We highlight the changes in Code 3 and the steps are explained here:

  1. 1.

    Line 1: add the shebang line to make the code self-executable.

  2. 2.

    Line 2-3: import sys, aup to parse hyperparameters and return values to Auptimizer.

  3. 3.

    Line 4-5: modify original training function by replacing variables with hyperparameters in config.

  4. 4.

    Line 6-7: main function. It parses BasicConfig by the input file.

  5. 5.

    Line 8-9: original training script.

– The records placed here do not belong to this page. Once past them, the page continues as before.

lemma Ndeg_jump_top:
  assumes "T \<subseteq> S" "S \<subseteq> {..<n}" "\<And>z. T \<subseteq> z \<Longrightarrow> z \<subset> S \<Longrightarrow> \<not> g z" "g S"
  shows "card (S - T) \<le> 200 * (Suc (Ndeg n g))\<^sup>2"
proof -
  obtain p where p: "poly_deg_le n (Ndeg n g) p"
    "\<And>x. x \<in> cube n \<Longrightarrow> \<not> g x \<Longrightarrow> \<bar>p x\<bar> \<le> 1 / 3" "\<And>x. x \<in> cube n \<Longrightarrow> g x \<Longrightarrow> 1 \<le> \<bar>p x\<bar>"
    using Ndeg_approximation by blast
  show ?thesis
    using assms by (intro approx_poly_jump_top[OF assms(1,2) p(1)] p(2,3)) (auto simp: cube_def)
qed

lemma Ndeg_jump_bot:
  assumes "T \<subseteq> S" "S \<subseteq> {..<n}" "\<And>z. T \<subset> z \<Longrightarrow> z \<subseteq> S \<Longrightarrow> \<not> g z" "g T"
  shows "card (S - T) \<le> 200 * (Suc (Ndeg n g))\<^sup>2"
proof -
  obtain p where p: "poly_deg_le n (Ndeg n g) p"
    "\<And>x. x \<in> cube n \<Longrightarrow> \<not> g x \<Longrightarrow> \<bar>p x\<bar> \<le> 1 / 3" "\<And>x. x \<in> cube n \<Longrightarrow> g x \<Longrightarrow> 1 \<le> \<bar>p x\<bar>"
    using Ndeg_approximation by blast
  show ?thesis
    using assms by (intro approx_poly_jump_bot[OF assms(1,2) p(1)] p(2,3)) (auto simp: cube_def)
qed

section \<open>Monotone potentials with bounded jumps\<close>

locale bounded_jump_potential =
  fixes U :: "'a set" and \<phi> :: "'a set \<Rightarrow> nat" and B :: nat
  assumes finite_U: "finite U"
    and mono: "\<And>x y. x \<subseteq> y \<Longrightarrow> y \<subseteq> U \<Longrightarrow> \<phi> x \<le> \<phi> y"
    and unit_step: "\<And>x i. x \<subseteq> U \<Longrightarrow> i \<in> x \<Longrightarrow> \<phi> x \<le> Suc (\<phi> (x - {i}))"
    and jump_top: "\<And>T S. T \<subseteq> S \<Longrightarrow> S \<subseteq> U \<Longrightarrow> \<phi> S = Suc (\<phi> T) \<Longrightarrow>
      (\<And>z. T \<subseteq> z \<Longrightarrow> z \<subset> S \<Longrightarrow> \<phi> z = \<phi> T) \<Longrightarrow> card (S - T) \<le> B"
    and jump_bot: "\<And>T S. T \<subseteq> S \<Longrightarrow> S \<subseteq> U \<Longrightarrow> \<phi> S = Suc (\<phi> T) \<Longrightarrow>
      (\<And>z. T \<subset> z \<Longrightarrow> z \<subseteq> S \<Longrightarrow> \<phi> z = \<phi> S) \<Longrightarrow> card (S - T) \<le> B"
begin

lemma exists_minimal_subset:
  assumes "x \<subseteq> U"
  obtains S where "S \<subseteq> x" "\<phi> S = \<phi> x" "\<And>T. T \<subset> S \<Longrightarrow> \<phi> T < \<phi> S"
proof -
  define C where "C = {S. S \<subseteq> x \<and> \<phi> x \<le> \<phi> S}"
  have "x \<in> C"
    by (simp add: C_def)
  then obtain S where "S \<in> C" and least: "\<And>T. T \<in> C \<Longrightarrow> card S \<le> card T"
    using ex_has_least_nat[of "\<lambda>S. S \<in> C" x card] by metis
  then have S: "S \<subseteq> x" "\<phi> x \<le> \<phi> S"
    by (simp_all add: C_def)
  have "finite S"
    using S(1) assms finite_U by (meson finite_subset)
  have "\<phi> S = \<phi> x"
    using S assms mono by (simp add: le_antisym)
  moreover have "\<phi> T < \<phi> S" if "T \<subset> S" for T
  proof (rule ccontr)
    assume "\<not> \<phi> T < \<phi> S"
    then have "card S \<le> card T"
      using that S \<open>\<phi> S = \<phi> x\<close> by (intro least) (auto simp: C_def)
    moreover have "card T < card S"
      using \<open>finite S\<close> that by (rule psubset_card_mono)
    ultimately show False
      by simp
  qed
  ultimately show ?thesis
    using that S(1) by blast
qed

lemma minimal_set_step:
  assumes "S \<subseteq> U" "\<And>T. T \<subset> S \<Longrightarrow> \<phi> T < \<phi> S" "i \<in> S"
  obtains T where "T \<subseteq> S" "\<phi> S = Suc (\<phi> T)" "\<And>T'. T' \<subset> T \<Longrightarrow> \<phi> T' < \<phi> T"
    "card (S - T) \<le> B"
proof -
  have "\<phi> (S - {i}) < \<phi> S"
    using assms(3) by (intro assms(2)) auto
  moreover have "\<phi> S \<le> Suc (\<phi> (S - {i}))"
    using assms(1,3) by (rule unit_step)
  moreover obtain T where T: "T \<subseteq> S - {i}" "\<phi> T = \<phi> (S - {i})" "\<And>T'. T' \<subset> T \<Longrightarrow> \<phi> T' < \<phi> T"
    using exists_minimal_subset[of "S - {i}"] assms(1) by blast
  ultimately have Suc: "\<phi> S = Suc (\<phi> T)"
    by simp
  have "card (S - T) \<le> B"
  proof (rule jump_top)
    show "T \<subseteq> S" "S \<subseteq> U" "\<phi> S = Suc (\<phi> T)"
      using T(1) assms(1) Suc by auto
    show "\<phi> z = \<phi> T" if "T \<subseteq> z" "z \<subset> S" for z
    proof -
      have "\<phi> z < \<phi> S"
        using that(2) by (rule assms(2))
      moreover have "\<phi> T \<le> \<phi> z"
        using that assms(1) by (intro mono) auto
      ultimately show ?thesis
        using Suc by simp
    qed
  qed
  then show ?thesis
    using that T Suc by blast
qed

lemma card_le_potential_if_minimal:
  assumes "S \<subseteq> U" "\<And>T. T \<subset> S \<Longrightarrow> \<phi> T < \<phi> S"
  shows "card S \<le> \<phi> S * B"
  using assms
proof (induction "\<phi> S" arbitrary: S rule: less_induct)
  case less
  show ?case
  proof (cases "S = {}")
    case False
    then obtain i where "i \<in> S"
      by auto
    then obtain T where T: "T \<subseteq> S" "\<phi> S = Suc (\<phi> T)" "\<And>T'. T' \<subset> T \<Longrightarrow> \<phi> T' < \<phi> T"
      and "card (S - T) \<le> B"
      using minimal_set_step less.prems by metis
    moreover have "card T \<le> \<phi> T * B"
      using T less.prems(1) by (intro less.hyps) auto
    moreover have "card S = card T + card (S - T)"
      using T(1) less.prems(1) finite_subset[OF _ finite_U]
      by (simp add: card_Diff_subset card_mono)
    ultimately show ?thesis
      by simp
  qed simp
qed

lemma exists_small_lower_set:
  assumes "x \<subseteq> U"
  obtains S where "S \<subseteq> x" "\<phi> S = \<phi> x" "card S \<le> \<phi> x * B"
proof -
  obtain S where "S \<subseteq> x" "\<phi> S = \<phi> x" "\<And>T. T \<subset> S \<Longrightarrow> \<phi> T < \<phi> S"
    using exists_minimal_subset[OF assms] by blast
  then show ?thesis
    using that card_le_potential_if_minimal[of S] assms by auto
qed

lemma le_potential_top: "x \<subseteq> U \<Longrightarrow> \<phi> x \<le> \<phi> U"
  by (rule mono) simp_all

lemma complement_jump_top:
  assumes "T \<subseteq> S" "S \<subseteq> U" "\<phi> U - \<phi> (U - S) = Suc (\<phi> U - \<phi> (U - T))"
    and const: "\<And>z. T \<subseteq> z \<Longrightarrow> z \<subset> S \<Longrightarrow> \<phi> U - \<phi> (U - z) = \<phi> U - \<phi> (U - T)"
  shows "card (S - T) \<le> B"
proof -
  have "card ((U - T) - (U - S)) \<le> B"
  proof (rule jump_bot)
    show "U - S \<subseteq> U - T" "U - T \<subseteq> U" "\<phi> (U - T) = Suc (\<phi> (U - S))"
      using assms(1,3) le_potential_top[of "U - S"] le_potential_top[of "U - T"] by auto
    show "\<phi> z = \<phi> (U - T)" if "U - S \<subset> z" "z \<subseteq> U - T" for z
    proof -
      have "U - (U - z) = z"
        using that by auto
      moreover have "U - z \<noteq> S"
        using that(1) \<open>U - (U - z) = z\<close> by blast
      then have "T \<subseteq> U - z" "U - z \<subset> S"
        using that assms(1,2) by blast+
      ultimately have "\<phi> U - \<phi> z = \<phi> U - \<phi> (U - T)"
        using const[of "U - z"] by simp
      moreover have "z \<subseteq> U"
        using that(2) by auto
      ultimately show ?thesis
        using le_potential_top[of z] le_potential_top[of "U - T"] by simp
    qed
  qed
  moreover have "(U - T) - (U - S) = S - T"
    using assms(2) by auto
  ultimately show ?thesis
    by simp
qed

lemma complement_jump_bot:
  assumes "T \<subseteq> S" "S \<subseteq> U" "\<phi> U - \<phi> (U - S) = Suc (\<phi> U - \<phi> (U - T))"
    and const: "\<And>z. T \<subset> z \<Longrightarrow> z \<subseteq> S \<Longrightarrow> \<phi> U - \<phi> (U - z) = \<phi> U - \<phi> (U - S)"
  shows "card (S - T) \<le> B"
proof -
  have "card ((U - T) - (U - S)) \<le> B"
  proof (rule jump_top)
    show "U - S \<subseteq> U - T" "U - T \<subseteq> U" "\<phi> (U - T) = Suc (\<phi> (U - S))"
      using assms(1,3) le_potential_top[of "U - S"] le_potential_top[of "U - T"] by auto
    show "\<phi> z = \<phi> (U - S)" if "U - S \<subseteq> z" "z \<subset> U - T" for z
    proof -
      have "U - (U - z) = z"
        using that by auto
      moreover have "T \<noteq> U - z"
        using that(2) \<open>U - (U - z) = z\<close> by blast
      then have "T \<subset> U - z" "U - z \<subseteq> S"
        using that assms(1,2) by blast+
      ultimately have "\<phi> U - \<phi> z = \<phi> U - \<phi> (U - S)"
        using const[of "U - z"] by simp
      moreover have "z \<subseteq> U"
        using that(2) by auto
      ultimately show ?thesis
        using le_potential_top[of z] le_potential_top[of "U - S"] by simp
    qed
  qed
  moreover have "(U - T) - (U - S) = S - T"
    using assms(2) by auto
  ultimately show ?thesis
    by simp
qed

(* The duality x \<mapsto> U - x exchanges the two kinds of jumps. *)
lemma complement: "bounded_jump_potential U (\<lambda>x. \<phi> U - \<phi> (U - x)) B"
proof
  show "\<phi> U - \<phi> (U - x) \<le> \<phi> U - \<phi> (U - y)" if "x \<subseteq> y" "y \<subseteq> U" for x y
    using that by (intro diff_le_mono2 mono) auto
  show "\<phi> U - \<phi> (U - x) \<le> Suc (\<phi> U - \<phi> (U - (x - {i})))" if "x \<subseteq> U" "i \<in> x" for x i
  proof -
    have "U - (x - {i}) = insert i (U - x)"
      using that by auto
    moreover have "\<phi> (insert i (U - x)) \<le> Suc (\<phi> (U - x))"
      using unit_step[of "insert i (U - x)" i] that by auto
    moreover have "\<phi> (insert i (U - x)) \<le> \<phi> U"
      using that by (intro le_potential_top) auto
    ultimately show ?thesis
      by simp
  qed
qed (use finite_U complement_jump_top complement_jump_bot in blast)+

lemma exists_small_certificate:
  assumes "x \<subseteq> U"
  obtains S W where "S \<subseteq> x" "x \<subseteq> W" "W \<subseteq> U" "\<phi> S = \<phi> x" "\<phi> W = \<phi> x"
    "card S + card (U - W) \<le> \<phi> U * B"
proof -
  obtain S where S: "S \<subseteq> x" "\<phi> S = \<phi> x" "card S \<le> \<phi> x * B"
    using exists_small_lower_set[OF assms] by blast
  have co_x: "U - (U - x) = x"
    using assms by auto
  obtain S' where S': "S' \<subseteq> U - x" "\<phi> U - \<phi> (U - S') = \<phi> U - \<phi> x" "card S' \<le> (\<phi> U - \<phi> x) * B"
    using bounded_jump_potential.exists_small_lower_set[OF complement, of "U - x"] co_x by auto
  define W where "W = U - S'"
  have "U - W = S'"
    using S'(1) by (auto simp: W_def)
  have "\<phi> W \<le> \<phi> U" "\<phi> x \<le> \<phi> U"
    using assms by (auto simp: W_def intro: mono)
  then have "\<phi> W = \<phi> x"
    using S'(2) by (simp add: W_def)
  moreover have "card S + card (U - W) \<le> \<phi> U * B"
  proof -
    have "\<phi> x * B + (\<phi> U - \<phi> x) * B = \<phi> U * B"
      using \<open>\<phi> x \<le> \<phi> U\<close> by (simp flip: add_mult_distrib)
    moreover have "card (U - W) \<le> (\<phi> U - \<phi> x) * B"
      using S'(3) \<open>U - W = S'\<close> by simp
    ultimately show ?thesis
      using S(3) by linarith
  qed
  moreover have "x \<subseteq> W" "W \<subseteq> U"
    using S'(1) assms by (auto simp: W_def)
  ultimately show ?thesis
    using that S(1,2) by blast
qed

It trains for config[’n_iterations’] epochs and computes the test accuracy.

  6. 6.

    Line 10: return score to Auptimizer.

Code 3: Example Code
1   #!/usr/bin/env python
2   import sys
3   from aup import BasicConfig, print_result
4   config = dict(conv1=32, conv2=64, fc1=1024, learning_rate=0.001, dropout=0.1, data_dir="input_data", n_iterations=10)
5   # Training code with variables replaced as hyperparameters
6   if __name__ == "__main__":
7     config = BasicConfig(**config).load(sys.argv[1]) if len(sys.argv) > 2
8     accuracy = ... # training code returns test accuracy
9     print_result(accuracy)

As demonstrated above, minimal changes are required to fully adopt the Auptimizer framework into practice. More importantly, the usability of the code remains, and users can reuse the exact same script for other purposes (training from scratch, finetuning) by providing the hyperparameters as input. Moreover, Auptimizer does not restrict users on any specific language or framework. For instance, a MatLab user can also use Auptimizer to tune their hyperparameters once they parse and return result in their code correspondingly.

IV-D Experiments

After defining the experiment and modifying code, users are ready to run the experiment by simply entering python -m aup experiment.json. More importantly, users can easily switch among HPO algorithms by updating the configuration, or retrieve and store results in the database.

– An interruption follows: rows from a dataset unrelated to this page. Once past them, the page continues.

(* Let $\mu$ be a probability distribution on $(E,\mathscr{E})$, let $Q$ be an isometric involution of $L^{2}(\mu)$ given by a Markov kernel $Q$ on $E$ (i.e. $Qf(z)=\int f(z')Q(z,{\rm d}z')$) with $\mu Q=\mu$, and let $P_{1},P_{2}$ be $(\mu,Q)$-reversible Markov transition probabilities. Assume that either for every $z\in E$ and $A\in\mathscr{E}$, $P_{1}Q(z,A\cap\{z\}^{c})\geq P_{2}Q(z,A\cap\{z\}^{c})$, or for every $z\in E$ and $A\in\mathscr{E}$, $QP_{1}(z,A\cap\{z\}^{c})\geq QP_{2}(z,A\cap\{z\}^{c})$. Then for any $\lambda\in[0,1)$: for every $f\in L^{2}(\mu)$ with $Qf=f$, ${\rm var}_{\lambda}(f,P_{1})\leq{\rm var}_{\lambda}(f,P_{2})$, and for every $f\in L^{2}(\mu)$ with $Qf=-f$, ${\rm var}_{\lambda}(f,P_{1})\geq{\rm var}_{\lambda}(f,P_{2})$.
   Context: $\langle f,g\rangle_{\mu}=\int fg\,{\rm d}\mu$. An isometric involution is a linear operator $Q$ on $L^{2}(\mu)$ with $\langle Qf,Qg\rangle_{\mu}=\langle f,g\rangle_{\mu}$ and $Q^{2}={\rm Id}$. Compositions of kernels: $T_{1}T_{2}(z,A)=\int T_{1}(z,{\rm d}z')T_{2}(z',A)$. $P$ is $(\mu,Q)$-reversible if $\langle Pf,g\rangle_{\mu}=\langle f,QPQg\rangle_{\mu}$ for all $f,g\in L^{2}(\mu)$. For $\lambda\in[0,1)$, $\bar f=f-\mu(f)$, ${\rm var}_{\lambda}(f,P)=\|\bar f\|_{\mu}^{2}+2\sum_{k\geq1}\lambda^{k}\langle\bar f,P^{k}\bar f\rangle_{\mu}$. *)

theory Defs
  imports "HOL-Probability.Probability"
begin

definition markov_kernel :: "'a measure \<Rightarrow> ('a \<Rightarrow> 'a measure) \<Rightarrow> bool" where
  "markov_kernel M K \<longleftrightarrow> K \<in> measurable M (subprob_algebra M) \<and> (\<forall>z\<in>space M. prob_space (K z))"

definition kapp :: "('a \<Rightarrow> 'a measure) \<Rightarrow> ('a \<Rightarrow> real) \<Rightarrow> 'a \<Rightarrow> real" where
  "kapp K f = (\<lambda>z. \<integral>x. f x \<partial>K z)"

definition kcomp :: "('a \<Rightarrow> 'a measure) \<Rightarrow> ('a \<Rightarrow> 'a measure) \<Rightarrow> 'a \<Rightarrow> 'a measure" where
  "kcomp K1 K2 = (\<lambda>z. K1 z \<bind> K2)"

definition L2 :: "'a measure \<Rightarrow> ('a \<Rightarrow> real) \<Rightarrow> bool" where
  "L2 mu f \<longleftrightarrow> f \<in> borel_measurable mu \<and> integrable mu (\<lambda>x. (f x)\<^sup>2)"

definition inner_mu :: "'a measure \<Rightarrow> ('a \<Rightarrow> real) \<Rightarrow> ('a \<Rightarrow> real) \<Rightarrow> real" where
  "inner_mu mu f g = (\<integral>x. f x * g x \<partial>mu)"

definition isometric_involution :: "'a measure \<Rightarrow> ('a \<Rightarrow> 'a measure) \<Rightarrow> bool" where
  "isometric_involution mu Q \<longleftrightarrow>
     (\<forall>f. L2 mu f \<longrightarrow> L2 mu (kapp Q f)) \<and>
     (\<forall>f g. L2 mu f \<longrightarrow> L2 mu g \<longrightarrow> inner_mu mu (kapp Q f) (kapp Q g) = inner_mu mu f g) \<and>
     (\<forall>f. L2 mu f \<longrightarrow> (AE z in mu. kapp Q (kapp Q f) z = f z))"

definition muQ_reversible :: "'a measure \<Rightarrow> ('a \<Rightarrow> 'a measure) \<Rightarrow> ('a \<Rightarrow> 'a measure) \<Rightarrow> bool" where
  "muQ_reversible mu Q P \<longleftrightarrow>
     (\<forall>f g. L2 mu f \<longrightarrow> L2 mu g \<longrightarrow>
        inner_mu mu (kapp P f) g = inner_mu mu f (kapp Q (kapp P (kapp Q g))))"

definition var_lambda :: "'a measure \<Rightarrow> real \<Rightarrow> ('a \<Rightarrow> real) \<Rightarrow> ('a \<Rightarrow> 'a measure) \<Rightarrow> real" where
  "var_lambda mu lam f P =
     (let fb = (\<lambda>x. f x - (\<integral>y. f y \<partial>mu))
      in inner_mu mu fb fb + 2 * (\<Sum>k. lam ^ Suc k * inner_mu mu fb ((kapp P ^^ Suc k) fb)))"

end

theory Submission
  imports Defs
begin

text \<open>
  Let Q f = s f with s = 1 or s = -1, and u = (I - lam P)^-1 f, so that for centred f
  var_lambda(f, P) = 2 <f, u> - <f, f>. Reversibility makes Q P self-adjoint, hence
  form P h w = s <h, Q (I - lam P) w> is symmetric and u is the critical point of
  saddle P m = 2 <f, m> - form P m m, with critical value <f, u>. As |<m, Q P m>| \<le> <m, m>,
  saddle P is convex along the (-s)-eigenspace of Q and concave along the s-eigenspace.
  Take (P_a, P_b) = (P1, P2) if s = 1 and (P2, P1) if s = -1. The point m with the s-component
  of u_a and the (-s)-component of u_b satisfies
  <f, u_a> \<le> saddle P_a m \<le> saddle P_b m \<le> <f, u_b>, where the middle inequality is
  s <m, Q P_a m> \<le> s <m, Q P_b m>. This comes from the off-diagonal hypothesis: for a
  mu-invariant kernel K, <g, g> - <g, K g> is half the integral of (g y - g x)^2 K(x, dy) mu(dx),
  which does not see the diagonal; take K = Q P, or K = P Q and g = Q m.
  Since the resolvent is only available through its partial sums, the argument is run on these,
  with errors of order lam^n.
\<close>

section \<open>Square-integrable functions\<close>

lemma abs_mult_le_half_sum_squares: "\<bar>a * b\<bar> \<le> (a\<^sup>2 + b\<^sup>2) / (2::real)"
proof -
  have "0 \<le> (\<bar>a\<bar> - \<bar>b\<bar>)\<^sup>2" by simp
  then show ?thesis by (simp add: power2_diff abs_mult)
qed

lemma L2_measurable: "L2 M f \<Longrightarrow> f \<in> borel_measurable M"
  by (simp add: L2_def)

lemma (in finite_measure) L2_integrable: "L2 M f \<Longrightarrow> integrable M f"
  unfolding L2_def by (auto intro: square_integrable_imp_integrable)

lemma L2_integrable_mult:
  assumes "L2 M f" "L2 M g"
  shows "integrable M (\<lambda>x. f x * g x)"
proof (rule Bochner_Integration.integrable_bound[where f="\<lambda>x. (f x)\<^sup>2 + (g x)\<^sup>2"])
  show "integrable M (\<lambda>x. (f x)\<^sup>2 + (g x)\<^sup>2)" "(\<lambda>x. f x * g x) \<in> borel_measurable M"
    using assms by (simp_all add: L2_def borel_measurable_times)
  have "\<bar>f x * g x\<bar> \<le> (f x)\<^sup>2 + (g x)\<^sup>2" for x
    using abs_mult_le_half_sum_squares[of "f x" "g x"] by simp
  then show "AE x in M. norm (f x * g x) \<le> norm ((f x)\<^sup>2 + (g x)\<^sup>2)" by simp
qed

lemma L2_add:
  assumes "L2 M f" "L2 M g"
  shows "L2 M (\<lambda>x. f x + g x)"
proof -
  have "integrable M (\<lambda>x. (f x)\<^sup>2 + 2 * (f x * g x) + (g x)\<^sup>2)"
    using assms L2_integrable_mult[OF assms] by (simp add: L2_def)
  then show ?thesis using assms by (simp add: L2_def power2_sum algebra_simps borel_measurable_add)
qed

lemma L2_cmult: "L2 M f \<Longrightarrow> L2 M (\<lambda>x. c * f x)"
  by (simp add: L2_def power_mult_distrib borel_measurable_times)

lemma L2_diff:
  assumes "L2 M f" "L2 M g"
  shows "L2 M (\<lambda>x. f x - g x)"
  using L2_add[OF assms(1) L2_cmult[OF assms(2), of "-1"]] by simp

lemma L2_const: "finite_measure M \<Longrightarrow> L2 M (\<lambda>x. c)"
  by (simp add: L2_def finite_measure.integrable_const)

lemma L2_sum:
  assumes "\<And>k. L2 M (g k)"
  shows "L2 M (\<lambda>x. \<Sum>k<(n::nat). g k x)"
proof (induction n)
  case 0
  then show ?case by (simp add: L2_def)
next
  case (Suc n)
  then show ?case using L2_add[OF Suc assms[of n]] by simp
qed

lemma inner_mu_commute: "inner_mu M f g = inner_mu M g f"
  by (simp add: inner_mu_def mult.commute)

lemma inner_mu_add_right:
  "L2 M f \<Longrightarrow> L2 M g \<Longrightarrow> L2 M h \<Longrightarrow>
    inner_mu M f (\<lambda>x. g x + h x) = inner_mu M f g + inner_mu M f h"
  by (simp add: inner_mu_def distrib_left L2_integrable_mult)

lemma inner_mu_add_left:
  "L2 M f \<Longrightarrow> L2 M g \<Longrightarrow> L2 M h \<Longrightarrow>
    inner_mu M (\<lambda>x. g x + h x) f = inner_mu M g f + inner_mu M h f"
  by (simp add: inner_mu_commute[of M _ f] inner_mu_add_right)

lemma inner_mu_diff_right:
  "L2 M f \<Longrightarrow> L2 M g \<Longrightarrow> L2 M h \<Longrightarrow>
    inner_mu M f (\<lambda>x. g x - h x) = inner_mu M f g - inner_mu M f h"
  by (simp add: inner_mu_def right_diff_distrib L2_integrable_mult)

lemma inner_mu_cmult_right [simp]: "inner_mu M f (\<lambda>x. c * g x) = c * inner_mu M f g"
  by (simp add: inner_mu_def algebra_simps)

lemma inner_mu_cmult_left [simp]: "inner_mu M (\<lambda>x. c * g x) f = c * inner_mu M g f"
  by (simp add: inner_mu_def algebra_simps)

lemma inner_mu_minus [simp]: "inner_mu M (\<lambda>x. - f x) (\<lambda>x. - g x) = inner_mu M f g"
  by (simp add: inner_mu_def)

lemma inner_mu_self_nonneg: "0 \<le> inner_mu M f f"
  by (simp add: inner_mu_def)

lemma inner_mu_cong_AE:
  assumes "L2 M f" "L2 M g" "L2 M f'" "L2 M g'"
    and "AE x in M. f x = f' x" "AE x in M. g x = g' x"
  shows "inner_mu M f g = inner_mu M f' g'"
  unfolding inner_mu_def using assms by (intro integral_cong_AE) (auto simp: L2_def)

lemma abs_inner_mu_le:
  assumes "L2 M f" "L2 M g"
  shows "\<bar>inner_mu M f g\<bar> \<le> (inner_mu M f f + inner_mu M g g) / 2"
proof -
  have "\<bar>inner_mu M f g\<bar> \<le> (\<integral>x. \<bar>f x * g x\<bar> \<partial>M)"
    unfolding inner_mu_def by (rule integral_abs_bound)
  also have "\<dots> \<le> (\<integral>x. (f x * f x + g x * g x) / 2 \<partial>M)"
    using abs_mult_le_half_sum_squares
    by (intro integral_mono) (auto simp: L2_integrable_mult assms power2_eq_square)
  also have "\<dots> = (inner_mu M f f + inner_mu M g g) / 2"
    by (simp add: inner_mu_def L2_integrable_mult assms)
  finally show ?thesis .
qed

lemma inner_mu_add_self_le:
  assumes "L2 M f" "L2 M g"
  shows "inner_mu M (\<lambda>x. f x + g x) (\<lambda>x. f x + g x) \<le> 2 * inner_mu M f f + 2 * inner_mu M g g"
proof -
  have "inner_mu M (\<lambda>x. f x + g x) (\<lambda>x. f x + g x) = inner_mu M f f + 2 * inner_mu M f g + inner_mu M g g"
    using assms L2_add[OF assms]
    by (simp add: inner_mu_add_left inner_mu_add_right inner_mu_commute[of M g f])
  then show ?thesis using abs_inner_mu_le[OF assms] by (simp add: abs_le_iff)
qed

lemma inner_mu_diff_self_le:
  assumes "L2 M f" "L2 M g"
  shows "inner_mu M (\<lambda>x. f x - g x) (\<lambda>x. f x - g x) \<le> 2 * inner_mu M f f + 2 * inner_mu M g g"
  using inner_mu_add_self_le[OF assms(1) L2_cmult[OF assms(2), of "-1"]] by simp

lemma inner_mu_sum_right:
  assumes "L2 M f" "\<And>k. L2 M (g k)"
  shows "inner_mu M f (\<lambda>x. \<Sum>k<(n::nat). c k * g k x) = (\<Sum>k<n. c k * inner_mu M f (g k))"
proof (induction n)
  case 0
  then show ?case by (simp add: inner_mu_def)
next
  case (Suc n)
  have "L2 M (\<lambda>x. \<Sum>k<n. c k * g k x)" by (intro L2_sum L2_cmult assms(2))
  then show ?case
    using Suc inner_mu_add_right[OF assms(1) _ L2_cmult[OF assms(2)]] by simp
qed

section \<open>Integration against Markov kernels\<close>

lemma square_integral_le_integral_square:
  fixes g :: "'a \<Rightarrow> real"
  assumes "prob_space N" "integrable N g" "integrable N (\<lambda>x. (g x)\<^sup>2)"
  shows "(\<integral>x. g x \<partial>N)\<^sup>2 \<le> (\<integral>x. (g x)\<^sup>2 \<partial>N)"
proof -
  interpret prob_space N by fact
  have "0 \<le> variance g" by (simp add: integral_nonneg)
  then show ?thesis using assms by (simp add: variance_eq)
qed

lemma integral_square_diff_const:
  fixes g :: "'a \<Rightarrow> real"
  assumes "prob_space N" "integrable N g" "integrable N (\<lambda>x. (g x)\<^sup>2)"
  shows "integrable N (\<lambda>y. (g y - c)\<^sup>2)"
    and "(\<integral>y. (g y - c)\<^sup>2 \<partial>N) = (\<integral>y. (g y)\<^sup>2 \<partial>N) - 2 * c * (\<integral>y. g y \<partial>N) + c\<^sup>2"
proof -
  interpret prob_space N by fact
  have "(\<lambda>y. (g y - c)\<^sup>2) = (\<lambda>y. (g y)\<^sup>2 - 2 * c * g y + c\<^sup>2)"
    by (simp add: power2_diff algebra_simps)
  then show "integrable N (\<lambda>y. (g y - c)\<^sup>2)"
    and "(\<integral>y. (g y - c)\<^sup>2 \<partial>N) = (\<integral>y. (g y)\<^sup>2 \<partial>N) - 2 * c * (\<integral>y. g y \<partial>N) + c\<^sup>2"
    using assms by (simp_all add: prob_space)
qed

We allocate roughly the same number of total training epochs for each HPO algorithm. For random, Spearmint, HyperOpt, each hyperparameter configuration is trained for 10 epochs with 100 different configurations. Whereas for grid search, we assign the grid with 3 values for all hyperparameters, except the learning rate which is chosen from 0.001,0.01, resulting in 162 configurations. For HyperBand and BOHB, we allocate a total budget of 1000 epochs approximately along with 100 configurations to be explored. We also enforce the minimum number of epochs to be 1 with no upper limit.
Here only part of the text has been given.